lemma bij_drop_left:
  "bij_betw (\<lambda>(pre, g, suf). (pre, ((Q, Suc c), p), suf))
     (drop_left_dom - drop_left_linked) (drop_right_dom - drop_right_linked)"
  (is "bij_betw ?f _ _")
proof -
  let ?g = "\<lambda>(pre, g, suf). (pre, (q, (P, c)), suf)"
  show ?thesis
  proof (rule bij_betw_inverseI[where g = ?g])
    have g: "(q, (P, c)) \<in> Gp" "((Q, Suc c), p) \<in> Gp"
      using pq_in_boxes rows_in_boxes P Q by (auto simp: pgen_pair_iff)
    fix \<tau>
    show "\<tau> \<in> drop_left_dom - drop_left_linked \<Longrightarrow>
        ?f \<tau> \<in> drop_right_dom - drop_right_linked"
      "\<tau> \<in> drop_right_dom - drop_right_linked \<Longrightarrow>
        ?g \<tau> \<in> drop_left_dom - drop_left_linked"
      using g adm_prefix_Q_c adm_suffix_P_c
      by (auto simp: drop_left_dom_def drop_left_linked_def drop_right_dom_def drop_right_linked_def
          marked_iff)
    show "\<tau> \<in> drop_left_dom - drop_left_linked \<Longrightarrow>
        ?g (?f \<tau>) = \<tau>"
      "\<tau> \<in> drop_right_dom - drop_right_linked \<Longrightarrow>
        ?f (?g \<tau>) = \<tau>"
      by (auto simp: drop_left_dom_def drop_right_dom_def)
  qed
qed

**Exercise aim**
Look through the data above. Each line containing the word "lambda" needs to be copied.

**Task answer**
  "bij_betw (\<lambda>(pre, g, suf). (pre, ((Q, Suc c), p), suf))
  let ?g = "\<lambda>(pre, g, suf). (pre, (q, (P, c)), suf)"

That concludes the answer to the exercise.